Inhibition of miR-302 Suppresses Hypoxia-Reoxygenation-Induced H9c2 Cardiomyocyte Death by Regulating Mcl-1 Expression

1Department of Thoracic and Cardiovascular Surgery, Chang Gung Memorial Hospital, Keelung, Taiwan
2College of Medicine, Chang Gung University, Taoyuan, Taiwan

Correspondence should be addressed to Chi-Hsiao Yeh; wt.gro.hmgc@lcchey

Received 10 November 2016; Revised 30 January 2017; Accepted 7 March 2017; Published 11 April 2017

Academic Editor: Jaideep Banerjee

Copyright © 2017 Yao-Ching Fang and Chi-Hsiao Yeh.
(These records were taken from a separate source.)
lemma monomial_ideal_eq_Inter_pure_power_ideals:
  fixes I :: "('v::finite, 'a::field) mpoly set"
  assumes I: "monomial_ideal I" and bound: "\<And>g k. g \<in> min_gens I \<Longrightarrow> Poly_Mapping.lookup g k \<le> B"
  shows "I = (\<Inter>w\<in>{w. (\<forall>k. Poly_Mapping.lookup w k \<le> B) \<and> mon w \<notin> I}.
    pure_power_ideal {k. Poly_Mapping.lookup w k < B} (\<lambda>k. Poly_Mapping.lookup w k + 1))"
    (is "I = (\<Inter>w\<in>?W. ?Q w)")
proof
  show "I \<subseteq> (\<Inter>w\<in>?W. ?Q w)"
    using monomial_ideal_subset_pure_power_ideal[OF I bound] by blast
  show "(\<Inter>w\<in>?W. ?Q w) \<subseteq> I"
  proof
    fix p
    assume p: "p \<in> (\<Inter>w\<in>?W. ?Q w)"
    have "mon t \<in> I" if t: "t \<in> Poly_Mapping.keys p" for t
    proof (rule ccontr)
      assume t_notin: "mon t \<notin> I"
      define w where "w = Abs_poly_mapping (\<lambda>k. min (Poly_Mapping.lookup t k) B)"
      have lookup_w: "Poly_Mapping.lookup w k = min (Poly_Mapping.lookup t k) B" for k
        unfolding w_def by simp
      have "mdvd w t" by (rule mdvdI) (simp add: lookup_w)
      then have "mon w \<notin> I"
        using t_notin ideal_mon_dvd[OF monomial_ideal_is_ideal[OF I]] by blast
      then have "w \<in> ?W" by (simp add: lookup_w)
      then have "mon t \<in> ?Q w" using p t mem_pure_power_ideal_iff by blast
      then show False by (auto simp: mon_mem_pure_power_ideal_iff lookup_w)
    qed
    then show "p \<in> I" using monomial_ideal_mem_iff[OF I] by blast
  qed
qed
(* Let $\mathcal C$ be a small cylinder category and $f:X\to X'$ a morphism in $\widetilde{\mathcal C}$. The following are equivalent: (1) for every cofibration $A\hookrightarrow B$ in $\mathcal C$ and every $x:A\to X$, the map $\pi_{B/A}(f,x):\pi_{B/A}(X,x)\to\pi_{B/A}(X',f\circ x)$ is bijective; (2) for all such data this map is surjective; (3) $f$ is a weak equivalence in $\widetilde{\mathcal C}$.
   Context: A cylinder category is a category $\mathcal C$ with two classes of morphisms, the cofibrations and the weak equivalences (morphisms in both classes are called trivial cofibrations), such that: (1) both classes contain all isomorphisms and are closed under composition; (2) weak equivalences satisfy 2-out-of-6: if $f,g,h$ are composable and $f\circ g$, $g\circ h$ are weak equivalences then $f,g,h,f\circ g\circ h$ are; (3) $\mathcal C$ has an initial object $0$ and every $0\to X$ is a cofibration; (4) pushouts of cofibrations along arbitrary maps exist and are cofibrations; (5) pushouts of trivial cofibrations are trivial cofibrations; (6) for every object $X$ the codiagonal $X\sqcup X\to X$ factors as a cofibration $X\sqcup X\hookrightarrow IX$ followed by a weak equivalence $IX\to X$; (7) every trivial cofibration admits a retraction. For a cofibration $A\hookrightarrow B$, a relative cylinder object is a factorization $B\sqcup_A B\hookrightarrow I_AB\xrightarrow{\sim}B$ of the codiagonal into a cofibration followed by a weak equivalence. For a small cylinder category $\mathcal C$, $\widetilde{\mathcal C}$ is the category of presheaves of sets on $\mathcal C$ sending the initial object to a singleton and pushouts along cofibrations to pullbacks of sets; $\mathcal C$ is identified with its image under the Yoneda embedding. A morphism $f:X\to Y$ of $\widetilde{\mathcal C}$ is a weak equivalence if for every cofibration $i:A\hookrightarrow B$ of $\mathcal C$ and every commutative square with top $u:A\to X$ and bottom $w:B\to Y$ (so $f\circ u=w\circ i$), there exist $a:B\to X$ with $a\circ i=u$ and $h:I_AB\to Y$ for some relative cylinder object such that $h$ restricted along the two inclusions $B\to I_AB$ is $f\circ a$ and $w$. For $X\in\widetilde{\mathcal C}$, a cofibration $i:A\hookrightarrow B$ in $\mathcal C$ and $x:A\to X$, $\pi_{B/A}(X,x)$ is the set of maps $g:B\to X$ with $g\circ i=x$ modulo the relation $g\sim_A g'$ iff $(g,g'):B\sqcup_AB\to X$ extends to $I_AB\to X$ for some relative cylinder object (an equivalence relation). A morphism $f:X\to X'$ induces $\pi_{B/A}(f,x):\pi_{B/A}(X,x)\to\pi_{B/A}(X',f\circ x)$, $g\mapsto f\circ g$. *)

theory Defs
  imports Main
begin

text \<open>A small category: objects of type 'o, morphisms of type 'm (carrier sets Ob, Ar),
  domain/codomain maps, composition (comp g f = g after f) and identities, together
  with the two classes of cofibrations and weak equivalences.\<close>

record ('o, 'm) cylcat =
  Ob   :: "'o set"
  Ar   :: "'m set"
  dom  :: "'m \<Rightarrow> 'o"
  cod  :: "'m \<Rightarrow> 'o"
  comp :: "'m \<Rightarrow> 'm \<Rightarrow> 'm"
  idm  :: "'o \<Rightarrow> 'm"
  cof  :: "'m set"
  we   :: "'m set"

definition hom :: "('o, 'm) cylcat \<Rightarrow> 'o \<Rightarrow> 'o \<Rightarrow> 'm set" where
  "hom C a b = {u \<in> Ar C. dom C u = a \<and> cod C u = b}"

definition category :: "('o, 'm) cylcat \<Rightarrow> bool" where
  "category C \<longleftrightarrow>
     (\<forall>u\<in>Ar C. dom C u \<in> Ob C \<and> cod C u \<in> Ob C) \<and>
     (\<forall>a\<in>Ob C. idm C a \<in> hom C a a) \<and>
     (\<forall>u\<in>Ar C. \<forall>v\<in>Ar C. cod C u = dom C v \<longrightarrow> comp C v u \<in> hom C (dom C u) (cod C v)) \<and>
     (\<forall>u\<in>Ar C. comp C u (idm C (dom C u)) = u \<and> comp C (idm C (cod C u)) u = u) \<and>
     (\<forall>u\<in>Ar C. \<forall>v\<in>Ar C. \<forall>w\<in>Ar C. cod C u = dom C v \<longrightarrow> cod C v = dom C w \<longrightarrow>
        comp C w (comp C v u) = comp C (comp C w v) u)"

definition iso :: "('o, 'm) cylcat \<Rightarrow> 'm \<Rightarrow> bool" where
  "iso C u \<longleftrightarrow> u \<in> Ar C \<and> (\<exists>v\<in>hom C (cod C u) (dom C u).
      comp C v u = idm C (dom C u) \<and> comp C u v = idm C (cod C u))"

definition initial :: "('o, 'm) cylcat \<Rightarrow> 'o \<Rightarrow> bool" where
  "initial C z \<longleftrightarrow> z \<in> Ob C \<and> (\<forall>c\<in>Ob C. \<exists>!u. u \<in> hom C z c)"

text \<open>is_pushout C i g j k: the square with i : A \<rightarrow> B, g : A \<rightarrow> C', j : B \<rightarrow> D,
  k : C' \<rightarrow> D (so j o i = k o g) is a pushout; k is the pushout of i along g.\<close>

definition is_pushout :: "('o, 'm) cylcat \<Rightarrow> 'm \<Rightarrow> 'm \<Rightarrow> 'm \<Rightarrow> 'm \<Rightarrow> bool" where
  "is_pushout C i g j k \<longleftrightarrow>
     i \<in> Ar C \<and> g \<in> Ar C \<and> j \<in> Ar C \<and> k \<in> Ar C \<and>
     dom C i = dom C g \<and> dom C j = cod C i \<and> dom C k = cod C g \<and> cod C j = cod C k \<and>
     comp C j i = comp C k g \<and>
     (\<forall>E\<in>Ob C. \<forall>p\<in>hom C (cod C i) E. \<forall>q\<in>hom C (cod C g) E.
        comp C p i = comp C q g \<longrightarrow>
        (\<exists>!r. r \<in> hom C (cod C j) E \<and> comp C r j = p \<and> comp C r k = q))"

definition is_coproduct :: "('o, 'm) cylcat \<Rightarrow> 'o \<Rightarrow> 'o \<Rightarrow> 'm \<Rightarrow> 'm \<Rightarrow> bool" where
  "is_coproduct C a b in0 in1 \<longleftrightarrow>
     in0 \<in> Ar C \<and> in1 \<in> Ar C \<and> dom C in0 = a \<and> dom C in1 = b \<and> cod C in0 = cod C in1 \<and>
     (\<forall>E\<in>Ob C. \<forall>p\<in>hom C a E. \<forall>q\<in>hom C b E.
        (\<exists>!r. r \<in> hom C (cod C in0) E \<and> comp C r in0 = p \<and> comp C r in1 = q))"
lemma halving_approximation:
  obtains K where "0 \<le> K" and "\<And>z. \<exists>u. p u \<le> K * norm z \<and> norm (z - u) \<le> norm z / 2"
proof -
  obtain r m where "0 < r"
    and near: "\<And>z \<delta>. norm z < r \<Longrightarrow> 0 < \<delta> \<Longrightarrow> \<exists>u. p u \<le> 2 * real m \<and> norm (z - u) < \<delta>"
    using approximation_near_zero by blast
  define K where "K = 4 * real m / r"
  have "\<exists>u. p u \<le> K * norm z \<and> norm (z - u) \<le> norm z / 2" for z
  proof (cases "z = 0")
    case True
    then show ?thesis
      by (intro exI[of _ 0]) simp
  next
    case False
    define t where "t = 2 * norm z / r"
    have "0 < t"
      using False \<open>0 < r\<close> by (simp add: t_def)
    have "norm ((1 / t) *\<^sub>R z) < r"
      using \<open>0 < t\<close> \<open>0 < r\<close> False by (simp add: t_def)
    then obtain u where u: "p u \<le> 2 * real m" "norm ((1 / t) *\<^sub>R z - u) < r / 4"
      using near[of "(1 / t) *\<^sub>R z" "r / 4"] \<open>0 < r\<close> by auto
    have "p (t *\<^sub>R u) \<le> K * norm z"
      using \<open>0 < t\<close> \<open>0 < r\<close> u(1) mult_left_mono[OF u(1), of t]
      by (simp add: homogeneous K_def t_def field_simps)
    moreover have "z - t *\<^sub>R u = t *\<^sub>R ((1 / t) *\<^sub>R z - u)"
      using \<open>0 < t\<close> by (simp add: algebra_simps)
    then have "norm (z - t *\<^sub>R u) \<le> norm z / 2"
      using \<open>0 < t\<close> \<open>0 < r\<close> mult_strict_left_mono[OF u(2) \<open>0 < t\<close>] by (simp add: t_def)
    ultimately show ?thesis by blast
  qed
  moreover have "0 \<le> K"
    using \<open>0 < r\<close> by (simp add: K_def)
  ultimately show ?thesis using that by blast
qed
text \<open>The free variables are written into a word of length sum_list env, so short_witness
  bounds the least witness of an existential quantifier.\<close>
lemma sat_bounded_iff_sat:
  assumes "synchronized (Q, q0, d, F) s" and "synchronized (Q', q0', d', F') s'"
  shows "wf_form (length env) p \<Longrightarrow>
    sat_bounded (\<lambda>n x. x = s n) (\<lambda>n x. x = s' n) (index_bound Q Q') p env \<longleftrightarrow> sat s s' p env"
proof (induction p arbitrary: env)
  case (FEx p)
  let ?k = "length env"
  have IH: "sat_bounded (\<lambda>n x. x = s n) (\<lambda>n x. x = s' n) (index_bound Q Q') p (x # env) \<longleftrightarrow>
      sat s s' p (x # env)" for x
    using FEx by simp
  have "\<forall>y\<in>set env. y < fib (sum_list env + 2)"
    using member_le_sum_list less_fib_add_2 le_less_trans by blast
  then obtain w where w: "fib_tracks ?k w" "track_vals ?k w = env" "length w = sum_list env"
    using exists_fib_tracks by blast
  have "residuals_le (Suc ?k) (form_lang s s' (Suc ?k) p) (index_bound Q Q' (Suc ?k) p)"
    using residuals_le_form_lang[OF assms] FEx.prems by simp
  then show ?case
    using short_witness[of ?k "\<lambda>env. sat s s' p env", OF _ w(1)] IH w
    by (auto simp: form_lang_def)
qed auto

section \<open>The distinctness transform\<close>

definition distinctness_form :: form where
  "distinctness_form =
     FAnd (FNot (FEx (FEx (FEx (FAnd (FLess 2 1) (FAnd (FGraph' 2 0) (FGraph' 1 0)))))))
    (FAnd (FNot (FEx (FNot (FEx (FEx (FAnd (FGraph' 1 0) (FGraph 2 0)))))))
    (FAnd (FNot (FEx (FNot (FEx (FEx (FAnd (FGraph 1 0) (FGraph' 2 0)))))))
      (FNot (FEx (FEx (FEx (FEx
        (FAnd (FLess 3 2) (FAnd (FLess 0 1) (FAnd (FEx (FAnd (FGraph 2 0) (FGraph' 4 0)))
        (FAnd (FEx (FAnd (FGraph 1 0) (FGraph' 3 0)))
        (FAnd (FNot (FEx (FAnd (FLess 0 2) (FEx (FAnd (FGraph 1 0) (FGraph 3 0))))))
          (FNot (FEx (FAnd (FLess 0 1) (FEx (FAnd (FGraph 1 0) (FGraph 2 0))))))))))))))))))"

lemma wf_distinctness_form: "wf_form 0 distinctness_form"
  by (simp add: distinctness_form_def)

lemma sat_distinctness_form:
  "sat s s' distinctness_form [] \<longleftrightarrow>
     (\<forall>i j. i < j \<longrightarrow> s' i \<noteq> s' j) \<and> (\<forall>m. \<exists>i. s' i = s m) \<and> (\<forall>i. \<exists>m. s m = s' i) \<and>
     \<not> (\<exists>i j a b. i < j \<and> b < a \<and> s a = s' i \<and> s b = s' j \<and>
         (\<forall>k<a. s k \<noteq> s a) \<and> (\<forall>k<b. s k \<noteq> s b))"
  unfolding distinctness_form_def by auto

lemma enumerate_range_strict_mono:
  fixes f :: "nat \<Rightarrow> nat"
  assumes "strict_mono f"
  shows "enumerate (range f) n = f n"
  using assms
proof (induction n arbitrary: f)
  case 0
  then show ?case by (auto simp: enumerate_0 strict_mono_less_eq intro!: Least_equality)
next
  case (Suc n)
  have "(LEAST x. x \<in> range f) = f 0"
    using Suc.prems by (auto simp: strict_mono_less_eq intro!: Least_equality)
  moreover have "range f - {f 0} = range (\<lambda>n. f (Suc n))"
    using Suc.prems by (auto simp: strict_mono_eq) (metis not0_implies_Suc rangeI)
  ultimately have "enumerate (range f) (Suc n) = enumerate (range (\<lambda>n. f (Suc n))) n"
    by (simp only: enumerate_Suc)
  moreover have "strict_mono (\<lambda>n. f (Suc n))"
    using Suc.prems by (simp add: strict_mono_def)
  ultimately show ?case using Suc.IH by simp
qed

lemma is_distinctness_transform_iff_strict_mono:
  "is_distinctness_transform s s' \<longleftrightarrow>
     (\<exists>f. strict_mono f \<and> range f = first_occ s \<and> (\<forall>i. s' i = s (f i)))"
proof
  assume "is_distinctness_transform s s'"
  then show "\<exists>f. strict_mono f \<and> range f = first_occ s \<and> (\<forall>i. s' i = s (f i))"
    unfolding is_distinctness_transform_def
    by (metis range_enumerate strict_mono_enumerate)
next
  assume "\<exists>f. strict_mono f \<and> range f = first_occ s \<and> (\<forall>i. s' i = s (f i))"
  then obtain f where "strict_mono f" "range f = first_occ s" "\<forall>i. s' i = s (f i)" by blast
  moreover have "infinite (range f)"
    using \<open>strict_mono f\<close> range_inj_infinite strict_mono_imp_inj_on by blast
  ultimately show "is_distinctness_transform s s'"
    unfolding is_distinctness_transform_def by (metis enumerate_range_strict_mono)
qed

lemma first_occ_unique: "a \<in> first_occ s \<Longrightarrow> b \<in> first_occ s \<Longrightarrow> s a = s b \<Longrightarrow> a = b"
  unfolding first_occ_def by (cases a b rule: linorder_cases) auto

lemma Least_in_first_occ:
  assumes "s m = x"
  shows "(LEAST k. s k = x) \<in> first_occ s"
proof -
  have least: "s (LEAST k. s k = x) = x" using assms by (rule LeastI)
  have "\<forall>k<(LEAST k. s k = x). s k \<noteq> s (LEAST k. s k = x)"
    unfolding least using not_less_Least by blast
  then show ?thesis unfolding first_occ_def by blast
qed

lemma is_distinctness_transformD:
  assumes "is_distinctness_transform s s'"
  shows "i < j \<Longrightarrow> s' i \<noteq> s' j" and "\<exists>i. s' i = s m" and "\<exists>m. s m = s' i"
    and "i < j \<Longrightarrow> a \<in> first_occ s \<Longrightarrow> b \<in> first_occ s \<Longrightarrow> s a = s' i \<Longrightarrow> s b = s' j \<Longrightarrow> a < b"
proof -
  obtain f where f: "strict_mono f" "range f = first_occ s" "\<And>i. s' i = s (f i)"
    using assms by (auto simp: is_distinctness_transform_iff_strict_mono)
  have f_unique: "a \<in> first_occ s \<Longrightarrow> s a = s' i \<Longrightarrow> a = f i" for a i
    using f first_occ_unique[of a s "f i"] by auto
  show "i < j \<Longrightarrow> s' i \<noteq> s' j"
    using f first_occ_unique by (metis rangeI strict_mono_eq nat_less_le)
  show "\<exists>m. s m = s' i" using f(3) by metis
  show "a < b" if "i < j" "a \<in> first_occ s" "b \<in> first_occ s" "s a = s' i" "s b = s' j"
  proof -
    have "a = f i" "b = f j" using f_unique that by blast+
    then show ?thesis using f(1) \<open>i < j\<close> by (simp add: strict_mono_less)
  qed
  have "(LEAST k. s k = s m) \<in> range f" using f(2) Least_in_first_occ[of s m] by blast
  then obtain i where "f i = (LEAST k. s k = s m)" by (metis rangeE)
  moreover have "s (LEAST k. s k = s m) = s m" by (rule LeastI) (rule refl)
  ultimately show "\<exists>i. s' i = s m" using f(3) by metis
qed

lemma is_distinctness_transformI:
  assumes inj: "\<And>i j. i < j \<Longrightarrow> s' i \<noteq> s' j" and onto: "\<And>m. \<exists>i. s' i = s m"
    and into: "\<And>i. \<exists>m. s m = s' i"
    and ordered: "\<And>i j a b. i < j \<Longrightarrow> a \<in> first_occ s \<Longrightarrow> b \<in> first_occ s \<Longrightarrow>
      s a = s' i \<Longrightarrow> s b = s' j \<Longrightarrow> a < b"
  shows "is_distinctness_transform s s'"
proof -
  define f where "f i = (LEAST m. s m = s' i)" for i
  have sf: "s (f i) = s' i" for i
    unfolding f_def by (rule LeastI_ex) (rule into)
  have f_first: "f i \<in> first_occ s" for i
    unfolding f_def using into Least_in_first_occ by metis
  have "strict_mono f"
    using ordered f_first sf by (intro strict_monoI) blast
  moreover have "range f = first_occ s"
  proof (intro antisym subsetI)
    fix d assume d: "d \<in> first_occ s"
    obtain i where "s' i = s d" using onto by blast
    then have "f i = d" using first_occ_unique[OF f_first d] sf by metis
    then show "d \<in> range f" by blast
  qed (use f_first in auto)
  ultimately show ?thesis
    unfolding is_distinctness_transform_iff_strict_mono using sf by metis
qed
This is an open access article distributed under the Creative Commons Attribution License, which permits unrestricted use, distribution, and reproduction in any medium, provided the original work is properly cited.

Abstract

MicroRNAs play important roles in cell proliferation, differentiation, and apoptosis, and their expression influences cardiomyocyte apoptosis resulting from ischemia-induced myocardial infarction. Here, we determined the role of miR expression in cardiomyocyte apoptosis during hypoxia and reoxygenation. The rat cardiomyocyte cell line H9c2 was incubated for 3 h in normal or hypoxia medium, followed by reoxygenation for 24 h and transfection with a miR-302 mimic or antagomir. The effect of miR-302 on myeloid leukemia cell-differentiation protein-1 (Mcl-1) expression was determined by western blot, real-time polymerase chain reaction, and luciferase reporter assays, with cell viability assays. We observed that miR-302 expression was elevated by hypoxia/reoxygenation injury and increased further or decreased by transfection of the miR-302 mimic or miR-302 antagomir, respectively. Additionally, elevated miR-302 levels increased apoptosis-related protein levels and cardiomyocyte apoptosis, and luciferase reporter assays revealed miR-302 binding to the Mcl-1 mRNA 3′ untranslated region. Our findings suggested that miR-302 overexpression aggravated hypoxia/reoxygenation-mediated cardiomyocyte apoptosis by inhibiting antiapoptotic Mcl-1 expression, thereby activating proapoptotic molecules. Furthermore, results indicating cardiomyocyte rescue from hypoxia/reoxygenation injury following treatment with miR-302 antagomir suggested that miR-302 inhibition might constitute a therapeutic strategy for protection against cardiomyocyte apoptosis during hypoxia/reoxygenation injury.